lemma uniform_gap_SUP_pdist:
  fixes M :: "nat \<Rightarrow> 'a::metric_space set"
  assumes "C \<noteq> {}" "\<forall>i<n. (SUP x\<in>M i. pdist x C) < ereal (d i)"
  obtains e :: real where "0 < e" "\<forall>i<n. \<forall>x\<in>M i. infdist x C + e \<le> d i"
proof -
  have gap: "\<forall>\<^sub>F e in at_right 0. \<forall>x\<in>M i. infdist x C + e \<le> d i" if i: "i \<in> {..<n}" for i
  proof -
    have "(SUP x\<in>M i. pdist x C) < ereal (d i)"
      using assms(2) i by simp
    then obtain z where z: "(SUP x\<in>M i. pdist x C) < ereal z" "ereal z < ereal (d i)"
      using ereal_dense2 by blast
    have bound: "\<forall>x\<in>M i. infdist x C \<le> z"
    proof
      fix x assume "x \<in> M i"
      then have "pdist x C < ereal z"
        using z(1) by (rule SUP_upper[THEN le_less_trans])
      then show "infdist x C \<le> z"
        using assms(1) by (simp add: pdist_eq_infdist)
    qed
    have "\<forall>\<^sub>F e in at_right 0. e < d i - z"
      using z(2) by (intro eventually_at_rightI[of 0 "d i - z"]) auto
    then show ?thesis
      by (rule eventually_mono) (use bound in fastforce)
  qed
  have "\<forall>\<^sub>F e in at_right 0. \<forall>i\<in>{..<n}. \<forall>x\<in>M i. infdist x C + e \<le> d i"
    using gap by (intro eventually_ball_finite) auto
  with eventually_at_right_less[of "0::real"]
  have "\<forall>\<^sub>F e in at_right 0. 0 < e \<and> (\<forall>i\<in>{..<n}. \<forall>x\<in>M i. infdist x C + e \<le> d i)"
    by (rule eventually_conj)
  then obtain e where "0 < e \<and> (\<forall>i\<in>{..<n}. \<forall>x\<in>M i. infdist x C + e \<le> d i)"
    using eventually_happens'[OF trivial_limit_at_right_real] by blast
  then show ?thesis
    using that by auto
qed

text \<open>
  The point \<open>y\<close> is \<open>x\<close> moved by the fraction \<open>l\<close> towards a point \<open>q \<in> C\<close> lying
  within \<open>c + g\<close> of \<open>A\<close>, where \<open>g = (d - c) / 2\<close>; convexity of \<open>infdist \<cdot> A\<close>
  then gives \<open>infdist y A \<le> d - l g\<close>.
\<close>
lemma convex_sublevel_cut_approximates:
  fixes A C :: "'a::real_normed_vector set"
  assumes A: "convex A" "A \<noteq> {}" and C: "convex C" "C \<noteq> {}"
    and C_near: "\<forall>x\<in>C. infdist x A \<le> d" and A_near: "\<forall>a\<in>A. infdist a C \<le> c"
    and "c < d" "0 < e"
  obtains r where "0 \<le> r" "r < d" "\<forall>x\<in>C. \<exists>y\<in>C. infdist y A \<le> r \<and> dist x y \<le> e"
proof -
  obtain a where "a \<in> A" using A(2) by blast
  then have "0 \<le> c" using A_near infdist_nonneg order_trans by blast
  define g where "g = (d - c) / 2"
  define l where "l = min 1 (e / (2 * d))"
  have g: "0 < g" "c + g < d" using \<open>c < d\<close> by (simp_all add: g_def field_simps)
  have l: "0 < l" "l \<le> 1" "l * (2 * d) \<le> e"
    using \<open>0 < e\<close> \<open>0 \<le> c\<close> \<open>c < d\<close> by (auto simp: l_def min_def field_simps)
  have cut: "\<exists>y\<in>C. infdist y A \<le> d - l * g \<and> dist x y \<le> e" if x: "x \<in> C" for x
  proof -
    obtain p where p: "p \<in> A" "dist x p < d + g"
      using infdist_less_imp_dist_less[OF A(2), of x "d + g"] C_near x g by fastforce
    obtain q where q: "q \<in> C" "dist p q < c + g"
      using infdist_less_imp_dist_less[OF C(2), of p "c + g"] A_near p g by fastforce
    define y where "y = (1 - l) *\<^sub>R x + l *\<^sub>R q"
    have "y \<in> C" using C(1) x q(1) l by (simp add: convex_def y_def)
    have "infdist q A \<le> c + g"
      using infdist_le[OF p(1), of q] q(2) by (simp add: dist_commute)
    have "infdist y A \<le> (1 - l) * infdist x A + l * infdist q A"
      using convex_onD[OF convex_on_infdist[OF A], of l x q] l by (simp add: y_def)
    also have "\<dots> \<le> (1 - l) * d + l * (c + g)"
      using C_near x l \<open>infdist q A \<le> c + g\<close> by (intro add_mono mult_left_mono) auto
    also have "\<dots> = d - l * g" by (simp add: g_def algebra_simps)
    finally have "infdist y A \<le> d - l * g" .
    have "dist x q < 2 * d"
      using dist_triangle[of x q p] p(2) q(2) unfolding g_def by (simp add: field_simps)
    then have "dist x y \<le> l * (2 * d)"
      using l by (simp add: y_def dist_norm algebra_simps flip: scaleR_diff_right)
    then show ?thesis
      using \<open>y \<in> C\<close> \<open>infdist y A \<le> d - l * g\<close> l by fastforce
  qed
  have "l * g \<le> g" "0 < l * g"
    using l g by (simp_all add: mult_left_le_one_le)
  moreover have "g \<le> d"
    using \<open>0 \<le> c\<close> \<open>c < d\<close> by (simp add: g_def)
  ultimately have "0 \<le> d - l * g" "d - l * g < d"
    by linarith+
  with cut show ?thesis using that by blast
qed

lemma exists_closer_cut:
  fixes M :: "nat \<Rightarrow> 'a::real_normed_vector set"
  assumes M: "\<forall>i<n. M i \<noteq> {}" "convex (M s)" "s < n"
    and C: "convex C" "C \<noteq> {}" "\<forall>i<n. \<forall>x\<in>C. infdist x (M i) \<le> d i"
    and gap: "\<forall>i<n. (SUP x\<in>M i. pdist x C) < ereal (d i)"
  obtains r where "0 \<le> r" "nbhd r (M s) \<inter> C \<noteq> {}"
    "\<forall>i<n. dH (nbhd r (M s) \<inter> C) (M i) \<le> ereal (d i)"
    "dH (nbhd r (M s) \<inter> C) (M s) < ereal (d s)"
proof -
  obtain e where e: "0 < e" "\<forall>i<n. \<forall>x\<in>M i. infdist x C + e \<le> d i"
    using uniform_gap_SUP_pdist[OF C(2) gap] by blast
  obtain r where r: "0 \<le> r" "r < d s"
    and dense: "\<forall>x\<in>C. \<exists>y\<in>C. infdist y (M s) \<le> r \<and> dist x y \<le> e / 4"
    by (rule convex_sublevel_cut_approximates[of "M s" C "d s" "d s - e" "e / 4"])
      (use M C e in \<open>auto simp: le_diff_eq\<close>)
  define Y where "Y = nbhd r (M s) \<inter> C"
  have Y: "Y = {y \<in> C. infdist y (M s) \<le> r}"
    using M by (auto simp: Y_def nbhd_eq_infdist_le)
  have "Y \<noteq> {}"
    using C(2) dense unfolding Y by blast
  have Y_near: "infdist m Y \<le> d i - e / 2" if i: "i < n" and m: "m \<in> M i" for i m
  proof -
    obtain k where k: "k \<in> C" "dist m k < d i - 3 * e / 4"
      using infdist_less_imp_dist_less[OF C(2), of m "d i - 3 * e / 4"] e i m by fastforce
    obtain y where y: "y \<in> Y" "dist k y \<le> e / 4"
      using dense k(1) unfolding Y by blast
    have "infdist m Y \<le> dist m y" by (rule infdist_le[OF y(1)])
    also have "\<dots> \<le> dist m k + dist k y" by (rule dist_triangle)
    finally show ?thesis using k(2) y(2) by linarith
  qed
  have "dH Y (M i) \<le> ereal (d i)" if i: "i < n" for i
    using \<open>Y \<noteq> {}\<close> M(1) i C(3) Y_near e(1)
    by (subst dH_le_ereal_iff) (auto simp: Y, fastforce)
  moreover have "dH Y (M s) \<le> ereal (max r (d s - e / 2))"
    using \<open>Y \<noteq> {}\<close> M Y_near
    by (subst dH_le_ereal_iff) (auto simp: Y le_max_iff_disj)
  then have "dH Y (M s) < ereal (d s)"
    using r(2) e(1) by (simp add: le_less_trans)
  ultimately show ?thesis
    using that r(1) \<open>Y \<noteq> {}\<close> unfolding Y_def by blast
qed

lemma S_M_less_sum:
  assumes "s < n" "\<forall>i<n. dH Y (M i) \<le> ereal (d i)" "dH Y (M s) < ereal (d s)"
  shows "S_M n M Y < ereal (\<Sum>i<n. d i)"
proof -
  obtain t where t: "dH Y (M s) < ereal t" "ereal t < ereal (d s)"
    using ereal_dense2[OF assms(3)] by blast
  have "S_M n M Y \<le> (\<Sum>i<n. ereal ((d(s := t)) i))"
    unfolding S_M_def by (rule sum_mono) (use assms t(1) in auto)
  also have "\<dots> = ereal (\<Sum>i<n. (d(s := t)) i)"
    by simp
  also have "\<dots> < ereal (\<Sum>i<n. d i)"
    using assms(1) t(2) by (simp add: sum_strict_mono_ex1)
  finally show ?thesis .
qed

lemma Sigma_M_sum_le_S_M:
  assumes "K \<in> Sigma_M n M" "\<forall>i<n. dH K (M i) = ereal (d i)" "Y \<in> fin_class M"
  shows "ereal (\<Sum>i<n. d i) \<le> S_M n M Y"
proof -
  have "S_M n M K = ereal (\<Sum>i<n. d i)"
    using assms(2) by (simp add: S_M_def)
  then show ?thesis
    using assms(1,3) by (auto simp: Sigma_M_def)
qed

theorem mainTheorem14:
  fixes M :: "nat \<Rightarrow> 'a::real_normed_vector set" and n :: nat and d :: "nat \<Rightarrow> real"
  assumes "0 < n"
    and "\<forall>i<n. M i \<noteq> {} \<and> closed (M i) \<and> convex (M i)"
    and "\<forall>i<n. \<forall>j<n. dH (M i) (M j) < \<infinity>"
    and "Sigma_M n M \<noteq> {}"
    and "d \<in> Omega_M n M"
    and "\<exists>s<n. \<forall>r\<ge>0. nbhd r (M s) \<inter> K_d n M d \<noteq> {} \<longrightarrow>
                  dH (nbhd r (M s) \<inter> K_d n M d) (M 0) < \<infinity>"
  shows "\<exists>i<n. ereal (d i) = (SUP x\<in>M i. pdist x (K_d n M d))"
proof (rule ccontr)
  assume no_attained: "\<not> ?thesis"
  obtain s where s: "s < n" and cut_fin: "\<forall>r\<ge>0. nbhd r (M s) \<inter> K_d n M d \<noteq> {} \<longrightarrow>
      dH (nbhd r (M s) \<inter> K_d n M d) (M 0) < \<infinity>"
    using assms(6) by blast
  obtain K where K: "K \<in> Sigma_M n M" "\<forall>i<n. dH K (M i) = ereal (d i)"
    using assms(5) by (auto simp: Omega_M_def)
  have "K \<noteq> {}" using K(1) by (simp add: Sigma_M_def fin_class_def)
  define C where "C = K_d n M d"
  have "C \<noteq> {}" using subset_K_d[of K n M d] \<open>K \<noteq> {}\<close> K(2) assms(2) by (auto simp: C_def)
  have C_near: "\<forall>i<n. \<forall>x\<in>C. infdist x (M i) \<le> d i"
    using assms(2) by (simp add: C_def K_d_eq_Inter_infdist_le)
  have gap: "\<forall>i<n. (SUP x\<in>M i. pdist x C) < ereal (d i)"
    using SUP_pdist_K_d_le[of K n M d] \<open>K \<noteq> {}\<close> K(2) assms(2) no_attained
    by (auto simp: C_def order_less_le)
  obtain r where r: "0 \<le> r" "nbhd r (M s) \<inter> C \<noteq> {}"
      "\<forall>i<n. dH (nbhd r (M s) \<inter> C) (M i) \<le> ereal (d i)"
      "dH (nbhd r (M s) \<inter> C) (M s) < ereal (d s)"
    by (rule exists_closer_cut[OF _ _ s _ \<open>C \<noteq> {}\<close> C_near gap])
      (use assms(2) s convex_K_d[of n M d] in \<open>auto simp: C_def\<close>)
  have "closed (nbhd r (M s) \<inter> C)"
    using assms(2) s by (simp add: C_def closed_Int closed_nbhd closed_K_d)
  then have "nbhd r (M s) \<inter> C \<in> fin_class M"
    using r(1,2) cut_fin by (simp add: fin_class_def C_def)
  then show False
    using S_M_less_sum[OF s r(3,4)] Sigma_M_sum_le_S_M[OF K] by (simp add: not_le[symmetric])
qed

end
+++++
> [Exercise instructions]: Search the entries for lines with the string "also", then report their number alone.

> [Task result]: 5